А как прекрасен бег инструмента по твердому дереву! Доска так отшлифована, что кажется бархатной, и на этой блестящей золотой поверхности острый резец стремительно бежит, и вся работа художника удержать его в границах своей воли! Из-под блестящего кончика резца вылетают с мягким хрустением маленькие золотые стружки и щекочут глаза и губы.

Прекрасен момент, когда после трудной и медленной работы, связанной с непрестанным напряженным вниманием не сделать промаха, вы накатываете валиком краску, и все линии, оставленные вами на доске, начинают блестеть черной краской, и вдруг на доске выявляется рисунок.

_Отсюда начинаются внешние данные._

(* Let $p$ be an odd prime, $r\ge3$ with $p\nmid r$, $D=\mathrm{D}_{2r}$, and let $G=V\rtimes_\psi D$ with $V=\mathbb{Z}_p^d$ and $\psi:D\to\mathrm{GL}(V)$ irreducible and non-trivial. Let $A=\mathrm{Aut}(G)$, $N=\mathrm{N}_A(D)$, and define the homomorphism $\kappa:N\to\mathrm{Aut}(D)$ by $f\mapsto f|_D$. Then $\ker(\kappa)\cong\mathrm{End}_D(V)^\times$ and $\mathrm{im}(\kappa)=\mathrm{Aut}(D)_\psi$, where $\mathrm{Aut}(D)_\psi=\{\sigma\in\mathrm{Aut}(D):\psi\circ\sigma\cong\psi\}$.
   Context: $V\rtimes_\psi D$ is the semidirect product in which $D$ acts on $V=\mathbb{F}_p^d$ via $\psi$. $\mathrm{N}_A(D)=\{f\in A:f(D)=D\}$. $\mathrm{End}_D(V)$ is the ring of $\mathbb{F}_pD$-module endomorphisms of $V$ and $\mathrm{End}_D(V)^\times$ its unit group. *)

theory Defs
  imports "HOL-Algebra.Algebra"
begin

text \<open>Element (i, b) stands for rho^i tau^b, where rho is a rotation of order r and
  tau a reflection; tau rho tau = rho^(-1).\<close>
definition dihedral_group :: "nat \<Rightarrow> (nat \<times> bool) monoid" where
  "dihedral_group r =
    \<lparr>carrier = {0..<r} \<times> UNIV,
     Group.monoid.mult = (\<lambda>(i, a) (j, b). (if a then (i + (r - j)) mod r else (i + j) mod r, a \<noteq> b)),
     one = (0, False)\<rparr>"

definition Fp_vec :: "int \<Rightarrow> nat \<Rightarrow> (nat \<Rightarrow> int) set" where
  "Fp_vec p d = {v. \<forall>i. (i < d \<longrightarrow> 0 \<le> v i \<and> v i < p) \<and> (d \<le> i \<longrightarrow> v i = 0)}"

definition vadd :: "int \<Rightarrow> (nat \<Rightarrow> int) \<Rightarrow> (nat \<Rightarrow> int) \<Rightarrow> (nat \<Rightarrow> int)" where
  "vadd p v w = (\<lambda>i. (v i + w i) mod p)"

definition vsmult :: "int \<Rightarrow> int \<Rightarrow> (nat \<Rightarrow> int) \<Rightarrow> (nat \<Rightarrow> int)" where
  "vsmult p c v = (\<lambda>i. (c * v i) mod p)"

definition vzero :: "nat \<Rightarrow> int" where
  "vzero = (\<lambda>i. 0)"

definition Fp_linear :: "int \<Rightarrow> nat \<Rightarrow> ((nat \<Rightarrow> int) \<Rightarrow> (nat \<Rightarrow> int)) \<Rightarrow> bool" where
  "Fp_linear p d f \<longleftrightarrow>
     f \<in> Fp_vec p d \<rightarrow> Fp_vec p d \<and>
     (\<forall>v \<in> Fp_vec p d. \<forall>w \<in> Fp_vec p d. f (vadd p v w) = vadd p (f v) (f w)) \<and>
     (\<forall>c. \<forall>v \<in> Fp_vec p d. f (vsmult p c v) = vsmult p c (f v))"

definition GL_group :: "int \<Rightarrow> nat \<Rightarrow> ((nat \<Rightarrow> int) \<Rightarrow> (nat \<Rightarrow> int)) monoid" where
  "GL_group p d = BijGroup (Fp_vec p d) \<lparr>carrier := {f \<in> Bij (Fp_vec p d). Fp_linear p d f}\<rparr>"

definition Fp_subspace :: "int \<Rightarrow> nat \<Rightarrow> (nat \<Rightarrow> int) set \<Rightarrow> bool" where
  "Fp_subspace p d W \<longleftrightarrow> W \<subseteq> Fp_vec p d \<and> vzero \<in> W \<and>
     (\<forall>v \<in> W. \<forall>w \<in> W. vadd p v w \<in> W) \<and> (\<forall>c. \<forall>v \<in> W. vsmult p c v \<in> W)"

definition irreducible_rep ::
  "int \<Rightarrow> nat \<Rightarrow> ('g, 'b) monoid_scheme \<Rightarrow> ('g \<Rightarrow> (nat \<Rightarrow> int) \<Rightarrow> (nat \<Rightarrow> int)) \<Rightarrow> bool" where
  "irreducible_rep p d D \<psi> \<longleftrightarrow> Fp_vec p d \<noteq> {vzero} \<and>
     (\<forall>W. Fp_subspace p d W \<and> (\<forall>x \<in> carrier D. \<psi> x ` W \<subseteq> W) \<longrightarrow>
          W = {vzero} \<or> W = Fp_vec p d)"

definition trivial_rep ::
  "int \<Rightarrow> nat \<Rightarrow> ('g, 'b) monoid_scheme \<Rightarrow> ('g \<Rightarrow> (nat \<Rightarrow> int) \<Rightarrow> (nat \<Rightarrow> int)) \<Rightarrow> bool" where
  "trivial_rep p d D \<psi> \<longleftrightarrow> (\<forall>x \<in> carrier D. \<psi> x = \<one>\<^bsub>GL_group p d\<^esub>)"

definition rep_iso ::
  "int \<Rightarrow> nat \<Rightarrow> ('g, 'b) monoid_scheme \<Rightarrow> ('g \<Rightarrow> (nat \<Rightarrow> int) \<Rightarrow> (nat \<Rightarrow> int))
     \<Rightarrow> ('g \<Rightarrow> (nat \<Rightarrow> int) \<Rightarrow> (nat \<Rightarrow> int)) \<Rightarrow> bool" where
  "rep_iso p d D \<rho> \<psi> \<longleftrightarrow> (\<exists>T \<in> carrier (GL_group p d).
      \<forall>x \<in> carrier D. \<forall>v \<in> Fp_vec p d. T (\<rho> x v) = \<psi> x (T v))"

definition End_ring ::
  "int \<Rightarrow> nat \<Rightarrow> ('g, 'b) monoid_scheme \<Rightarrow> ('g \<Rightarrow> (nat \<Rightarrow> int) \<Rightarrow> (nat \<Rightarrow> int))
     \<Rightarrow> ((nat \<Rightarrow> int) \<Rightarrow> (nat \<Rightarrow> int)) ring" where
  "End_ring p d D \<psi> =
    \<lparr>carrier = {f \<in> extensional (Fp_vec p d). Fp_linear p d f \<and>
                  (\<forall>x \<in> carrier D. \<forall>v \<in> Fp_vec p d. f (\<psi> x v) = \<psi> x (f v))},
     Group.monoid.mult = (\<lambda>f g. compose (Fp_vec p d) f g),
     one = (\<lambda>v \<in> Fp_vec p d. v),
     ring.zero = (\<lambda>v \<in> Fp_vec p d. vzero),
     ring.add = (\<lambda>f g. \<lambda>v \<in> Fp_vec p d. vadd p (f v) (g v))\<rparr>"

definition sdprod ::
  "int \<Rightarrow> nat \<Rightarrow> ('g, 'b) monoid_scheme \<Rightarrow> ('g \<Rightarrow> (nat \<Rightarrow> int) \<Rightarrow> (nat \<Rightarrow> int))
     \<Rightarrow> ((nat \<Rightarrow> int) \<times> 'g) monoid" where
  "sdprod p d D \<psi> =
    \<lparr>carrier = Fp_vec p d \<times> carrier D,
     Group.monoid.mult = (\<lambda>(v, x) (w, y). (vadd p v (\<psi> x w), x \<otimes>\<^bsub>D\<^esub> y)),
     one = (vzero, \<one>\<^bsub>D\<^esub>)\<rparr>"

definition D_sub :: "('g, 'b) monoid_scheme \<Rightarrow> ((nat \<Rightarrow> int) \<times> 'g) set" where
  "D_sub D = {vzero} \<times> carrier D"

definition normaliser_D ::
  "int \<Rightarrow> nat \<Rightarrow> ('g, 'b) monoid_scheme \<Rightarrow> ('g \<Rightarrow> (nat \<Rightarrow> int) \<Rightarrow> (nat \<Rightarrow> int))
     \<Rightarrow> (((nat \<Rightarrow> int) \<times> 'g) \<Rightarrow> ((nat \<Rightarrow> int) \<times> 'g)) set" where
  "normaliser_D p d D \<psi> = {f \<in> auto (sdprod p d D \<psi>). f ` D_sub D = D_sub D}"

definition kappa ::
  "('g, 'b) monoid_scheme \<Rightarrow> (((nat \<Rightarrow> int) \<times> 'g) \<Rightarrow> ((nat \<Rightarrow> int) \<times> 'g)) \<Rightarrow> ('g \<Rightarrow> 'g)" where
  "kappa D f = (\<lambda>x \<in> carrier D. snd (f (vzero, x)))"

end

theory Submission
  imports Defs
begin

(* If p is coprime to |D|, every automorphism f of G = V \<rtimes> D maps V into itself, because the
   D-component of f(v) has order dividing both p and |D|.  If f moreover normalises D, then
   f(v, x) = (T v, \<sigma> x) with \<sigma> = \<kappa>(f) an automorphism of D and T a linear bijection of V
   satisfying T \<circ> \<psi>(x) = \<psi>(\<sigma> x) \<circ> T; conversely every such pair (T, \<sigma>) defines an element of N.
   So the image of \<kappa> consists of the \<sigma> with \<psi> \<circ> \<sigma> \<cong> \<psi>, and the kernel (\<sigma> = id) is the image of
   the invertible D-module endomorphisms T under T \<mapsto> ((v, x) \<mapsto> (T v, x)). *)

lemma bij_betw_map_prod_iff:
  assumes "A \<noteq> {}" and "B \<noteq> {}"
  shows "bij_betw (map_prod f g) (A \<times> B) (A' \<times> B') \<longleftrightarrow> bij_betw f A A' \<and> bij_betw g B B'"
proof
  assume bij: "bij_betw (map_prod f g) (A \<times> B) (A' \<times> B')"
  obtain a b where ab: "a \<in> A" "b \<in> B" using assms by blast
  have inj: "inj_on (map_prod f g) (A \<times> B)" and img: "map_prod f g ` (A \<times> B) = A' \<times> B'"
    using bij by (auto simp: bij_betw_def)
  have "inj_on f A"
    using ab inj_onD[OF inj] by (fastforce intro: inj_onI)
  moreover have "inj_on g B"
    using ab inj_onD[OF inj] by (fastforce intro: inj_onI)
  moreover have "f ` A = fst ` (A' \<times> B')" "g ` B = snd ` (A' \<times> B')"
    unfolding img[symmetric] using ab by force+
  moreover have "A' \<noteq> {}" "B' \<noteq> {}"
    using img ab by blast+
  ultimately show "bij_betw f A A' \<and> bij_betw g B B'" by (simp add: bij_betw_def)
next
  assume "bij_betw f A A' \<and> bij_betw g B B'"
  then show "bij_betw (map_prod f g) (A \<times> B) (A' \<times> B')" by (simp add: bij_betw_map_prod)
qed

section \<open>Dihedral groups\<close>

lemma dihedral_group_mult:
  assumes "j < r"
  shows "(i, a) \<otimes>\<^bsub>dihedral_group r\<^esub> (j, b) =
           (nat ((int i + (if a then - int j else int j)) mod int r), a \<noteq> b)"
proof -
  have "int ((i + (r - j)) mod r) = int (i + (r - j)) mod int r"
    by (rule zmod_int)
  also have "int (i + (r - j)) = (int i - int j) + int r"
    using assms by simp
  also have "(int i - int j + int r) mod int r = (int i - int j) mod int r"
    by (rule mod_add_self2)
  finally have "(i + (r - j)) mod r = nat ((int i - int j) mod int r)"
    by (metis nat_int)
  moreover have "(i + j) mod r = nat ((int i + int j) mod int r)"
    by (metis nat_int of_nat_add zmod_int)
  ultimately show ?thesis by (simp add: dihedral_group_def)
qed

lemma group_dihedral_group:
  assumes "0 < r" shows "group (dihedral_group r)"
proof (rule groupI)
  let ?D = "dihedral_group r"
  have mult: "x \<otimes>\<^bsub>?D\<^esub> y =
      (nat ((int (fst x) + (if snd x then - int (fst y) else int (fst y))) mod int r), snd x \<noteq> snd y)"
    if "y \<in> carrier ?D" for x y
  proof -
    have "fst y < r" using that by (auto simp: dihedral_group_def)
    then show ?thesis by (cases x; cases y) (simp only: dihedral_group_mult fst_conv snd_conv)
  qed
  show "\<one>\<^bsub>?D\<^esub> \<in> carrier ?D" using assms by (simp add: dihedral_group_def)
  fix x y z assume x: "x \<in> carrier ?D" and y: "y \<in> carrier ?D" and z: "z \<in> carrier ?D"
  show "x \<otimes>\<^bsub>?D\<^esub> y \<in> carrier ?D"
    using assms by (simp add: mult y) (simp add: dihedral_group_def nat_less_iff)
  show "x \<otimes>\<^bsub>?D\<^esub> y \<otimes>\<^bsub>?D\<^esub> z = x \<otimes>\<^bsub>?D\<^esub> (y \<otimes>\<^bsub>?D\<^esub> z)"
  proof -
    have "y \<otimes>\<^bsub>?D\<^esub> z \<in> carrier ?D"
      using assms by (simp add: mult z) (simp add: dihedral_group_def nat_less_iff)
    then show ?thesis using assms by (simp add: mult y z) (auto simp: mod_simps algebra_simps)
  qed
  show "\<one>\<^bsub>?D\<^esub> \<otimes>\<^bsub>?D\<^esub> x = x" using x by (auto simp: dihedral_group_def)
  show "\<exists>y\<in>carrier ?D. y \<otimes>\<^bsub>?D\<^esub> x = \<one>\<^bsub>?D\<^esub>"
  proof (cases "snd x")
    case True
    then show ?thesis using x by (intro bexI[of _ x]) (auto simp: dihedral_group_def)
  next
    case False
    then show ?thesis using x assms
      by (intro bexI[of _ "((r - fst x) mod r, False)"])
        (auto simp: dihedral_group_def mod_add_left_eq)
  qed
qed

lemma order_dihedral_group: "order (dihedral_group r) = 2 * r"
  by (simp add: order_def dihedral_group_def card_cartesian_product)

section \<open>Linear maps and representations over Z/p\<close>

definition intertwines ::
  "int \<Rightarrow> nat \<Rightarrow> ('g, 'b) monoid_scheme \<Rightarrow> ('g \<Rightarrow> (nat \<Rightarrow> int) \<Rightarrow> (nat \<Rightarrow> int))
     \<Rightarrow> ('g \<Rightarrow> (nat \<Rightarrow> int) \<Rightarrow> (nat \<Rightarrow> int)) \<Rightarrow> ((nat \<Rightarrow> int) \<Rightarrow> (nat \<Rightarrow> int)) \<Rightarrow> bool" where
  "intertwines p d D \<rho> \<psi> T \<longleftrightarrow> (\<forall>x \<in> carrier D. \<forall>v \<in> Fp_vec p d. T (\<rho> x v) = \<psi> x (T v))"

locale Fp_space =
  fixes p :: int and d :: nat
  assumes p_pos: "0 < p"
begin

abbreviation V where "V \<equiv> Fp_vec p d"

lemma mod_Fp_vec: "v \<in> V \<Longrightarrow> v i mod p = v i"
  using p_pos by (cases "i < d") (auto simp: Fp_vec_def)

lemma vzero_in_Fp_vec [simp]: "vzero \<in> V"
  using p_pos by (simp add: Fp_vec_def vzero_def)

lemma vadd_in_Fp_vec [simp]: "vadd p v w \<in> V" if "v \<in> V" "w \<in> V"
  using p_pos that by (simp add: Fp_vec_def vadd_def)

lemma vsmult_in_Fp_vec [simp]: "v \<in> V \<Longrightarrow> vsmult p c v \<in> V"
  using p_pos by (simp add: Fp_vec_def vsmult_def)

lemma vadd_vzero_left [simp]: "v \<in> V \<Longrightarrow> vadd p vzero v = v"
  by (simp add: vadd_def vzero_def mod_Fp_vec)

lemma vadd_vzero_right [simp]: "v \<in> V \<Longrightarrow> vadd p v vzero = v"
  by (simp add: vadd_def vzero_def mod_Fp_vec)

lemma vadd_assoc: "vadd p (vadd p u v) w = vadd p u (vadd p v w)"
  by (simp add: vadd_def mod_simps add.assoc)

lemma vadd_left_neg: "vadd p (vsmult p (- 1) v) v = vzero"
  by (simp add: vadd_def vsmult_def vzero_def mod_add_left_eq)

lemma Fp_linear_vzero:
  assumes "Fp_linear p d T" shows "T vzero = vzero"
proof -
  have "vsmult p 0 w = vzero" for w by (simp add: vsmult_def vzero_def)
  then show ?thesis using assms unfolding Fp_linear_def by (metis vzero_in_Fp_vec)
qed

Я всегда жалела, что после такого блестящего расцвета гравюры, какой был в XVI, XVII веках, это искусство стало хиреть, сделалось служебным, ремесленным! И я всегда мечтала дать ему свободу!

 


Статья А. Бенуа воспроизведена по изданию:
А.Бенуа и С.Эрнст, "Остроумова-Лебедева", ГИЗ, М. - П-д (год не указан)
Остальные тексты взяты из сборника "Мастера искусства об искусстве"
(в семи томах, под общей редакцией А.А. Губера, А.А. Федорова-Давыдова, И.Л. Маца и В.Н. Гращенкова),
Изд. "Искусство". М., 1970, том 7, стр. 373-397.